Pursuing a career in the field of data science is becoming increasingly lucrative because of the advancements in technology and reliance on computers to get the job done. Data science involves extracting information from a large volume of structured and/or unstructured data using various algorithms, scientific methods, and procedures. Later on, the expert interprets this information and applies the gathered knowledge to make informed business decisions. The rapidly growing job market for data science is likely to exhibit a 28% increase in labour demand by 2026. Hence, it is the perfect opportunity to pick up new skills and pursue a well sought after career in data science.
Here are some of the skills of data science you can try to get into in order to kick-start your career in 2022.
- Data Visualisation and Storytelling:
The first on the list may seem awkward, yet it is pertinent that you know it. Statistical data are impractical if people do not understand them. Newsflash! Most people do not understand it. So, data visualisation and storytelling skills are essential so that your team can comprehend complex data in a clear, short summary. Tools like Tableau, d3.js, ggplot, etc., can be used to visualise data.
- Data Manipulation (Wrangling) and Analysis
Processing large volumes of data can be tedious. Data manipulation or wrangling involves converting data from one format to another using Python, SQL, etc. Then, it would become easy for you to analyse the data in the latter stages. While wrangling can take up time, it would ultimately ensure that you can make informed decisions quickly based on sorted data.
- Version Control through Git and GitHub
The control system, Git, allows you to manage your source code and keep track of its history. In contrast, GitHub happens to be a repository for files and folders and it is entirely cloud-based. You can keep track of your projects at every stage while also collaborating with others on projects.
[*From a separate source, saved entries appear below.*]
(* Let $\lambda\in\mathbb{R}$, $a,b>0$ with $-b<\frac{\lambda}{2}<b$. (a) Let $\alpha,\beta>0$. If $X\sim\mathrm{K}(\lambda,a,b;1,\alpha^{-1})$ and $Y\sim\mathrm{K}(-\lambda,a,b;1,\beta^{-1})$ are independent and $(U,V)=\hat H_{II}^{\alpha,\beta}(X,Y)$, then $U,V$ are independent with $U\sim\mathrm{K}(-\lambda,a,b;1,\alpha^{-1})$ and $V\sim\mathrm{K}(\lambda,a,b;1,\beta^{-1})$. (b) If $X\sim\mathrm{K}^{(2)}(b+\frac{\lambda}{2},-\lambda,a)$ and $Y\sim\mathrm{Ga}(b-\frac{\lambda}{2},a)$ are independent and $(U,V)=F^+_{\mathrm{K\text{-}Ga},B}(X,Y)$, then $U,V$ are independent with $U\sim\mathrm{K}^{(2)}(b-\frac{\lambda}{2},\lambda,a)$ and $V\sim\mathrm{Ga}(b+\frac{\lambda}{2},a)$.
   Context: $\mathbb{R}_+=(0,\infty)$. For $p,q>0$, $a>0$, $-b<\frac{\lambda}{2}$: $\mathrm{K}(\lambda,a,b;p,q)$ has density on $\mathbb{R}_+$ proportional to $x^{\lambda-1}e^{-apx}(1+qx^{-1})^{-b+\frac{\lambda}{2}}$. $\mathrm{K}^{(2)}(A,B,C)$ ($A,C>0$, $B\in\mathbb{R}$) has density proportional to $x^{A-1}(1+x)^{-A-B}e^{-Cx}$. $\mathrm{Ga}(A,C)$ ($A,C>0$) has density proportional to $x^{A-1}e^{-Cx}$. $\hat H_{II}^{\alpha,\beta}(x,y)=\left(\frac{y(1+\beta x+\beta y)}{1+\alpha x+\beta y},\ \frac{x(1+\alpha x+\alpha y)}{1+\alpha x+\beta y}\right)$ and $F^+_{\mathrm{K\text{-}Ga},B}(x,y)=\left(\frac{y}{1+x},\ \frac{x(1+x+y)}{1+x}\right)$, maps on $\mathbb{R}_+^2$. *)

theory Defs
  imports "HOL-Probability.Probability"
begin

definition K_unnorm :: "real \<Rightarrow> real \<Rightarrow> real \<Rightarrow> real \<Rightarrow> real \<Rightarrow> real \<Rightarrow> real" where
  "K_unnorm l a b p q x = x powr (l - 1) * exp (- a * p * x) * (1 + q / x) powr (- b + l / 2)"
- Regression and Classification Models
Machine Learning is one of the core skills of data science that is utilised to build regression and classification models. In short, they are predictive models that use previous data to predict future outcomes. It would be ideal to start with entry-level regression models and then work with advanced ones like XGBoost, Random Forest, etc.
- Explanatory Models
These models are built using regression models. They help you to comprehend the association between input and output variables with valuable statistics.
- A/B Testing
It is one of the prevalent statistical concepts used by countless businesses. A/B Testing allows you to test and differentiate between two groups to determine which one performs better based on some parameters.
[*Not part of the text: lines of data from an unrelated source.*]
lemma rel_entropy_ge_sq_weighted_deficit:
  fixes u :: "'a::euclidean_space \<Rightarrow> real"
  assumes m: "0 < m" "m < 1" and \<sigma>: "0 < \<sigma>" and C: "0 < CM TYPE('a) m M"
    and u: "\<And>x. 0 \<le> u x" and u_int: "integrable lborel u"
    and um_int: "integrable lborel (\<lambda>x. u x powr m)"
    and u_mom: "integrable lborel (\<lambda>x. (norm x)\<^sup>2 * u x)"
    and B_int: "integrable lborel (barenblatt m M \<sigma> :: 'a \<Rightarrow> real)"
    and B_mom: "integrable lborel (\<lambda>x::'a. (norm x)\<^sup>2 * barenblatt m M \<sigma> x)"
  shows "m / (8 * (\<integral>x. barenblatt m M 1 (x::'a) powr m \<partial>lborel))
           * (2 * (\<integral>x. (CM TYPE('a) m M + (norm x)\<^sup>2 / \<sigma>) * max (barenblatt m M \<sigma> x - u x) 0 \<partial>lborel))\<^sup>2
         \<le> rel_entropy m M \<sigma> u / \<sigma> powr (real DIM('a) / 2 * (1 - m))"
proof -
  define s where "s = \<sigma> powr (real DIM('a) / 2 * (1 - m))"
  define K where "K = (\<integral>x. barenblatt m M 1 (x::'a) powr m \<partial>lborel)"
  define F where "F = rel_entropy m M \<sigma> u"
  define Y where "Y = (\<integral>x. (CM TYPE('a) m M + (norm x)\<^sup>2 / \<sigma>) * max (barenblatt m M \<sigma> x - u x) 0 \<partial>lborel)"
  have s: "0 < s"
    using \<sigma> by (simp add: s_def)
  have F: "0 \<le> F"
    using rel_entropy_nonneg[OF m \<sigma> C u] by (simp add: F_def)
  have "m / (8 * K) * (2 * Y)\<^sup>2 \<le> F / s"
  proof (cases "0 < K")
    case False
    moreover have "0 \<le> K"
      by (simp add: K_def)
    ultimately show ?thesis
      using F s by simp
  next
    case True
    then have "integrable lborel (\<lambda>x. barenblatt m M 1 (x::'a) powr m)"
      using not_integrable_integral_eq unfolding K_def by fastforce
    then have Bm: "has_bochner_integral lborel (\<lambda>x. barenblatt m M \<sigma> (x::'a) powr m) (s * K)"
      using has_bochner_integral_barenblatt_powr[OF \<sigma>] by (simp add: s_def K_def)
    have "(s * Y)\<^sup>2 \<le> 4 * (s * K / 2) * (F / m)"
    proof (rule sq_le_of_forall_eps_bound)
      show "0 \<le> s * Y"
        using s C \<sigma> by (simp add: Y_def less_imp_le)
      fix e :: real assume e: "0 < e"
      have "s * Y \<le> e / 2 * (s * K) + 1 / (e * m) * F"
        using barenblatt_deficit_le_rel_entropy[OF m \<sigma> C u u_int um_int u_mom B_int B_mom _ e] Bm
        unfolding has_bochner_integral_iff s_def F_def Y_def by simp
      then show "s * Y \<le> e * (s * K / 2) + F / m / e"
        by (simp add: mult.commute)
    qed (use True s m F in simp_all)
    then have "s * (s * Y\<^sup>2) \<le> s * (2 * K * F / m)"
      by (simp add: power_mult_distrib power2_eq_square mult_ac)
    then have "m * (s * Y\<^sup>2) \<le> 2 * K * F"
      using s m by (simp add: pos_le_divide_eq mult.commute)
    then show ?thesis
      using s True by (simp add: field_simps power_mult_distrib)
  qed
  then show ?thesis
    by (simp add: s_def K_def F_def Y_def)
qed

theorem theorem3p1:
  fixes u :: "'a::euclidean_space \<Rightarrow> real" and m M \<sigma> :: real
  assumes m_lo: "real DIM('a) / (real DIM('a) + 2) < m" and m_hi: "m < 1"
    and u_nonneg: "\<And>x. u x \<ge> 0"
    and u_int: "integrable lborel u"
    and um_int: "integrable lborel (\<lambda>x. u x powr m)"
    and mom_int: "integrable lborel (\<lambda>x. (norm x)\<^sup>2 * u x)"
    and M_def: "M = (\<integral>x. u x \<partial>lborel)"
    and M_pos: "M > 0"
    and sigma_pos: "\<sigma> > 0"
    and sigma_mom: "(\<integral>x. (norm x)\<^sup>2 * u x \<partial>lborel)
                    = (\<integral>x. (norm (x::'a))\<^sup>2 * barenblatt m M \<sigma> x \<partial>lborel)"
  shows "rel_entropy m M \<sigma> u / \<sigma> powr (real DIM('a) / 2 * (1 - m))
         \<ge> m / (8 * (\<integral>x. barenblatt m M 1 (x::'a) powr m \<partial>lborel))
            * (CM TYPE('a) m M * (\<integral>x. \<bar>u x - barenblatt m M \<sigma> x\<bar> \<partial>lborel)
               + 1 / \<sigma> * (\<integral>x. (norm x)\<^sup>2 * \<bar>u x - barenblatt m M \<sigma> x\<bar> \<partial>lborel))\<^sup>2"
proof -
  define B where "B = (barenblatt m M \<sigma> :: 'a \<Rightarrow> real)"
  define C where "C = CM TYPE('a) m M"
  have m: "0 < m"
    using m_lo divide_nonneg_pos[of "real DIM('a)" "real DIM('a) + 2"] by linarith
  have "0 < (\<integral>x. (norm x)\<^sup>2 * u x \<partial>lborel)"
    using integral_norm_sq_mult_pos[OF u_nonneg mom_int] M_def M_pos by simp
  then have B_mom_ne: "(\<integral>x. (norm x)\<^sup>2 * B x \<partial>lborel) \<noteq> 0"
    using sigma_mom by (simp add: B_def)
  then have B_mom: "integrable lborel (\<lambda>x. (norm x)\<^sup>2 * B x)"
    using not_integrable_integral_eq by blast
  have C: "0 < C"
    using CM_pos[OF m_lo m_hi sigma_pos B_mom_ne[unfolded B_def]] by (simp add: C_def)
  have B: "has_bochner_integral lborel B M"
    using has_bochner_integral_barenblatt[OF m_lo m_hi M_pos sigma_pos] C by (simp add: B_def C_def)
  have "C * (\<integral>x. \<bar>u x - B x\<bar> \<partial>lborel) + 1 / \<sigma> * (\<integral>x. (norm x)\<^sup>2 * \<bar>u x - B x\<bar> \<partial>lborel)
        = 2 * (\<integral>x. (C + 1 / \<sigma> * (norm x)\<^sup>2) * max (B x - u x) 0 \<partial>lborel)"
    using B M_def sigma_mom
    by (intro integral_weighted_abs_diff_eq[OF u_int _ mom_int B_mom])
       (simp_all add: has_bochner_integral_iff B_def)
  moreover have "m / (8 * (\<integral>x. barenblatt m M 1 (x::'a) powr m \<partial>lborel))
      * (2 * (\<integral>x. (C + (norm x)\<^sup>2 / \<sigma>) * max (B x - u x) 0 \<partial>lborel))\<^sup>2
      \<le> rel_entropy m M \<sigma> u / \<sigma> powr (real DIM('a) / 2 * (1 - m))"
    using rel_entropy_ge_sq_weighted_deficit[OF m m_hi sigma_pos _ u_nonneg u_int um_int mom_int]
      B B_mom C by (simp add: has_bochner_integral_iff B_def C_def)
  ultimately show ?thesis
    by (simp add: B_def C_def)
qed

end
- Structured Query Language (SQL) Databases
The programming language is specially designed to handle massive volumes of data available in relational database management systems. SQL can be used to retrieve and read data from the database or to update it. Yet, the first step towards data evaluation is writing SQL queries and programming them on workflow management platforms.
- Python Programming
Python is undeniably the most adaptable programming language globally. It is capable of data mining, constructing websites, developing games, analysing and visualising data, search engine optimisation (SEO), developing graphic design applications, etc. Python’s data analysis library, Pandas, can be used for data manipulation and analysis. It can import data from spreadsheets and plot them accordingly.
- R Programming
The nearly three decades old, R, is a programming language that enables statistical computing and graphical works. It has seen widespread use in academic contexts. The integrated suite of software can quickly execute algorithms of machine learning and allow non-linear and linear modelling, clustering, time-series analysis, etc.
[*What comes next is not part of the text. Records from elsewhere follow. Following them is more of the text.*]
(* For one-sided matching with $n$ agents and $n$ items and unrestricted nonnegative valuations, there are deterministic algorithms achieving each of the following: (i) distortion $O(n)$ using one value query per agent; (ii) for any constant integer $k\ge1$, distortion $O(n^{1/k})$ using $O(\log n)$ queries per agent; (iii) distortion $O(1)$ using $O(\log^2 n)$ queries per agent.
   Context: One-sided matching: there is a set $N$ of $n$ agents and a set $A$ of $n$ items. Each agent $i$ has a valuation function $v_i:A\to\mathbb{R}_{\ge0}$. The algorithm receives the agents' rankings of the items consistent with their values (if $a\succ_i b$ then $v_i(a)\ge v_i(b)$). It may ask value queries returning $v_i(j)$, and it outputs a perfect matching (bijection $N\to A$). Its distortion is the worst case, over all valuation profiles, of the optimal social welfare $\max_Z\sum_i v_i(z_i)$ divided by the social welfare $\sum_i v_i(y_i)$ of the output matching. *)

theory Defs
  imports Complex_Main
begin

text \<open>Agents and items are both \<open>{0..<n}\<close>. A valuation profile is
  \<open>v :: nat \<Rightarrow> nat \<Rightarrow> real\<close>, where \<open>v i j\<close> is agent i's value for item j.
  A ranking profile \<open>\<sigma>\<close> gives for each agent i a bijection \<open>\<sigma> i\<close> from positions
  to items (\<open>\<sigma> i 0\<close> is the top item).\<close>

definition valid_valuation :: "nat \<Rightarrow> (nat \<Rightarrow> nat \<Rightarrow> real) \<Rightarrow> bool" where
  "valid_valuation n v \<longleftrightarrow> (\<forall>i<n. \<forall>j<n. 0 \<le> v i j)"

definition consistent_ranking :: "nat \<Rightarrow> (nat \<Rightarrow> nat \<Rightarrow> real) \<Rightarrow> (nat \<Rightarrow> nat \<Rightarrow> nat) \<Rightarrow> bool" where
  "consistent_ranking n v \<sigma> \<longleftrightarrow>
     (\<forall>i<n. bij_betw (\<sigma> i) {0..<n} {0..<n} \<and>
            (\<forall>p q. p < q \<and> q < n \<longrightarrow> v i (\<sigma> i q) \<le> v i (\<sigma> i p)))"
- Natural Language Processing
One of the many branches of Artificial Intelligence (AI) is Natural Language Process, which is widely known through its acronym NLP. NLP can be used to analyse public sentiment regarding businesses and their products and services. It can also distinguish positive and negative feedback on a business’s social media platform. Moreover, it can extract texts, and it is the driving force behind virtual assistants and chatbots.
There you go! You have ten skills that you could pursue in your drive to become a data scientist. Data science is going to be the core of businesses globally for the years to come. Old and new companies are consistently incorporating various data science techniques to bolster their trade and get an edge over their rivals.
In addition, data science certainly helps in understanding their potential opportunities for growth, foresee probable problems, and helping devise strategies to overcome them. Hence, it is a career worth pursuing.